Events in UCIS

Friday, September 6 until Friday, September 13

4:00 pm Student Club Activity
Kya Baat Hai!
Location:
Global Hub
Sponsored by:
Global Hub along with Kya Baat Hai!
See Details

Join undergraduate Pitt students for a conversation hour to practice speaking in Hindi and Urdu and connect over shared cultural experiences.

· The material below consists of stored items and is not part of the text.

lemma scaled_comparator_gain:
  fixes r \<eta> T \<gamma> L :: real
  assumes "r > 0" and "\<eta> > 0" and "2 * L \<le> r * (T * \<gamma>)\<^sup>2"
  shows "\<eta> * L \<le> T * (r * \<eta> * T * \<gamma> * \<gamma>) - (r * \<eta> * T * \<gamma>)\<^sup>2 / (2 * r * \<eta>)"
proof -
  have "\<eta> * L \<le> \<eta> * (r * (T * \<gamma>)\<^sup>2 / 2)"
    using assms(2,3) by (intro mult_left_mono) auto
  also have "\<dots> = T * (r * \<eta> * T * \<gamma> * \<gamma>) - (r * \<eta> * T * \<gamma>)\<^sup>2 / (2 * r * \<eta>)"
    using assms(1,2) by (simp add: field_simps power2_eq_square)
  finally show ?thesis .
qed

lemma time_bound_conjugate:
  assumes "p > 1" and "1/p + 1/q = 1" and "\<gamma> > 0" and "sqrt (2 * (p - 1) * L) / \<gamma> \<le> T"
  shows "2 * L \<le> (q - 1) * (T * \<gamma>)\<^sup>2"
proof -
  have q: "q > 1" and pq1: "(p - 1) * (q - 1) = 1" using conjugate_exponents[OF assms(1,2)] by auto
  have "sqrt (2 * (p - 1) * L) \<le> T * \<gamma>" using assms(3,4) by (simp add: divide_le_eq)
  then have "2 * (p - 1) * L \<le> (T * \<gamma>)\<^sup>2" by (rule sqrt_le_D)
  then have "(q - 1) * (2 * (p - 1) * L) \<le> (q - 1) * (T * \<gamma>)\<^sup>2"
    using q by (simp add: mult_left_mono)
  moreover have "2 * L = 2 * ((p - 1) * (q - 1)) * L" using pq1 by simp
  moreover have "\<dots> = (q - 1) * (2 * (p - 1) * L)" by (simp only: mult_ac)
  ultimately show ?thesis by linarith
qed

context
  fixes p q :: real and d n :: nat and x :: "nat \<Rightarrow> nat \<Rightarrow> real" and y :: "nat \<Rightarrow> real"
    and \<eta> :: real and ww pp :: "nat \<Rightarrow> nat \<Rightarrow> real" and T :: nat
  assumes p: "2 \<le> p" and pq: "1 / p + 1 / q = 1" and \<eta>: "\<eta> > 0"
    and rows: "\<And>i. i < n \<Longrightarrow> lpnorm p d (x i) \<le> 1 \<and> y i \<in> {-1, 1}"
    and pp0: "pp 0 = uniform n"
    and w_opt: "\<And>t w. t \<in> {1..T} \<Longrightarrow> w \<in> vecs d \<Longrightarrow>
      \<eta> * ((\<Sum>j\<in>{1..<t}. - gval d n x y w (pp j)) + (- gval d n x y w (pp (t - 1))))
        + 1 / (2 * (q - 1)) * (lpnorm q d w)\<^sup>2
      \<ge> \<eta> * ((\<Sum>j\<in>{1..<t}. - gval d n x y (ww t) (pp j)) + (- gval d n x y (ww t) (pp (t - 1))))
        + 1 / (2 * (q - 1)) * (lpnorm q d (ww t))\<^sup>2"
    and p_opt: "\<And>t. t \<in> {1..T} \<Longrightarrow> pp t \<in> simplex n \<and>
      (\<forall>r\<in>simplex n. 1 / \<eta> * (\<Sum>s\<in>{1..t}. gval d n x y (ww s) r) + KL n r (pp 0)
                     \<ge> 1 / \<eta> * (\<Sum>s\<in>{1..t}. gval d n x y (ww s) (pp t)) + KL n (pp t) (pp 0))"
begin
(* Under the hypotheses and notation of the following setting: $T_t$ is the special flow over the dyadic odometer on $M=[0,1)^2$; $(p_n)$ are natural numbers with $p_{n+1}\ge p_n+2$; $d_n\in(0,1/2)$, $a_n>0$ with $\sum_{m>n}a_m=o(a_nd_n)$ and $2^{p_n-2}<d_m2^{p_m-1}$ for all $m>n$; $L_n=d_n2^{p_n-1}$; $f_n(u,v)=a_n$ for $0\le v<L_n$, $f_n(u,v)=-a_n$ for $2^{p_n-1}\le v<2^{p_n-1}+L_n$, $f_n=0$ otherwise, on $[0,2^{-p_n})\times[0,2^{p_n})$; $f=\sum_n f_n\circ\Phi_{p_n}^{-1}$; $t_n=2^{p_n-2}$. Then the bound $\mathcal{O}(a_nd_n)$ cannot be improved to $o(a_nd_n)$: there are sets $D_n\subset M$ with $m(D_n)=\frac12-d_n$ such that $\sup_{(x,y)\in D_n}\big|\,|A(f,t_n,(x,y))|-2a_nd_n\big|=o(a_nd_n)$ as $n\to\infty$.
   Context: Dyadic odometer $S$ on $[0,1)$: on binary expansions $x=\sum x_i2^{-i}$ (not eventually all $1$), if $x_1=\dots=x_m=1$, $x_{m+1}=0$, then $S$ replaces these digits by $0,\dots,0,1$, others unchanged. Special flow: $T_t(x,y)=(S^{\lfloor y+t\rfloor}x,\ y+t-\lfloor y+t\rfloor)$ on $M=[0,1)^2$ with Lebesgue measure $m$. $\Phi_p(u,v)=T_v(u,0)$ for $(u,v)\in[0,2^{-p})\times[0,2^p)$ is a measure-preserving bijection onto $M$ (mod 0). $A(f,t,z)=\frac1t\int_0^tf(T_sz)\,ds$. *)

theory Defs
  imports "HOL-Analysis.Analysis" "HOL-Library.Landau_Symbols"
begin
lemma CPr_total_probability:
  assumes "finite S" and "\<And>u. G u \<Longrightarrow> \<exists>!k\<in>S. E k u"
  shows "CPr M A G = (\<Sum>k\<in>{k\<in>S. CPr M (E k) G > 0}. CPr M A (\<lambda>u. E k u \<and> G u) * CPr M (E k) G)"
proof -
  let ?S' = "{k\<in>S. CPr M (E k) G > 0}"
  have null_cell: "Pr M (\<lambda>u. A u \<and> G u \<and> E k u) = 0" if "k \<in> S - ?S'" for k
  proof -
    from that have "Pr M (\<lambda>u. E k u \<and> G u) \<le> 0 \<or> Pr M G \<le> 0"
      by (auto simp: CPr_def zero_less_divide_iff not_less Pr_nonneg)
    moreover have "Pr M (\<lambda>u. A u \<and> G u \<and> E k u) \<le> Pr M (\<lambda>u. E k u \<and> G u)"
      and "Pr M (\<lambda>u. E k u \<and> G u) \<le> Pr M G"
      by (auto intro: Pr_mono)
    ultimately show ?thesis
      using Pr_nonneg[of M] by (meson order.antisym order.trans)
  qed
  have cell: "CPr M A (\<lambda>u. E k u \<and> G u) * CPr M (E k) G = Pr M (\<lambda>u. A u \<and> G u \<and> E k u) / Pr M G"
    if "k \<in> ?S'" for k
  proof -
    from that have "Pr M (\<lambda>u. E k u \<and> G u) \<noteq> 0"
      by (auto simp: CPr_def)
    then show ?thesis
      by (simp add: CPr_def conj_ac)
  qed
  have "Pr M (\<lambda>u. A u \<and> G u) = (\<Sum>k\<in>S. Pr M (\<lambda>u. A u \<and> G u \<and> E k u))"
    using Pr_sum_partition[OF assms(1), of "\<lambda>u. A u \<and> G u" E M] assms(2) by (simp add: conj_assoc)
  also have "\<dots> = (\<Sum>k\<in>?S'. Pr M (\<lambda>u. A u \<and> G u \<and> E k u))"
    by (rule sum.mono_neutral_right) (use assms(1) null_cell in auto)
  finally have "Pr M (\<lambda>u. A u \<and> G u) / Pr M G = (\<Sum>k\<in>?S'. Pr M (\<lambda>u. A u \<and> G u \<and> E k u) / Pr M G)"
    by (simp add: sum_divide_distrib)
  also have "\<dots> = (\<Sum>k\<in>?S'. CPr M A (\<lambda>u. E k u \<and> G u) * CPr M (E k) G)"
    by (rule sum.cong) (simp_all add: cell)
  finally show ?thesis
    unfolding CPr_def[of M A G] .
qed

Kya Baat Hai will meet weekly, on Fridays, during the 2024-2025 academic year, EXCEPT on the following dates:
September 20
September 27
December 20
December 27
January 3

Thursday, September 12 until Friday, September 13

9:00 am Conference
The Future of Myanmar
Location:
Alumni Hall 5th Floor
Sponsored by:
Asian Studies Center along with Center for Governance and Markets; Ridgway Center for International Security Studies
See Details

Join us for a critical workshop titled "Local Governance and the Path to Peace in Myanmar," organized by the Center for Governance and Markets at the University of Pittsburgh. This event is a timely response to the rapidly evolving situation in Myanmar, aiming to foster discussions and strategies for resolving long-standing conflicts and building trust among diverse ethnic and regional groups in the country. This workshop will bring together scholars, practitioners, and civil society leaders, along with US-based academics and political scientists, to exchange experiences and strategies for tackling local challenges and fostering trust across ethnic and regional divides. Register here

Thursday, September 12

12:30 pm Student Club Activity
Tavola Italiana
Location:
Global Hub
Sponsored by:
Global Hub along with Department of French & Italian
See Details

Mangia con noi! Bring your lunch and chat with us! Pitt students only, all levels welcome!

12:30 pm Lecture Series / Brown Bag
CLAS Speaker Series
Location:
4130 Posvar and Zoom
Sponsored by:
Center for Latin American Studies
See Details
4:30 pm Seminar
"Making Socialism Work: Economic Reform and the Soviet Enterprise, 1960s-2000s. "
Location:
3703 Wesley W. Posvar Hall
Sponsored by:
European Studies Center and European Union Center of Excellence along with Department of History
See Details

The history of the Soviet economy is of central importance to how scholars and activists understand the fate of state socialism in the twentieth century and how scholars and diplomats understand contemporary security concerns in Eurasia and in Europe. For the former, state socialism's failure to fulfill its liberatory promises casts doubt on any project that aims to free humanity from the burden of commodified labor and the class relations to which it gives rise. Dr. Nealy demonstrates the Soviet economy's capacity to evolve in a way that bears striking resemblance to the sorts of changes experienced by much of the industrialized world during the same period. The result is a compelling interpretation of the history of the Soviet economy that offers new answers, but also provokes new questions, about the nature of state socialism in history and the prospects for state security in the contemporary world.

About the speaker:
James Nealy received his PhD from Duke University in May of 2022. A specialist in the social, economic, and intellectual history of the Soviet Union and the world.

5:00 pm Lecture
Feminists, Lesbians and Queer Girls’ Manga
Location:
Carnegie Mellon University, Posner Hall 343
Sponsored by:
Asian Studies Center
See Details

Join us for an enlightening guest lecture by James Welker, the author of Transfiguring Women in Late Twentieth-Century Japan: Feminists, Lesbians, and Girls’ Comics Artists and Fans (University of Hawaii Press, 2024). This groundbreaking book delves into the dynamic and overlapping communities of women and adolescent girls in 1970s and 1980s Japan who challenged traditional gender and sexual norms. The lecture will explore the ūman ribu (women’s liberation) movement, the rezubian (lesbian) community, and the world of queer shōjo manga (girls’ comics), highlighting how these groups redefined the concept of “women” by selectively appropriating Western ideas while remaining deeply rooted in Japanese culture.

Welker will provide a broad historical overview of these movements and offer insights into how acts of transfiguration reshaped what it meant to be a woman in Japan. Drawing from a vast archive of dictionaries, sexology texts, literature, magazines, comics and interviews, his book talk promises to be a rich exploration of how these communities forged new understandings of gender and sexual expression.

James Welker is a professor in the Department of Cross-Cultural Studies at Kanagawa University in Yokohama, Japan. His research focuses primarily on gender and sexuality in postwar and contemporary Japan, especially fan cultures, feminisms and the LGBTQ+ community.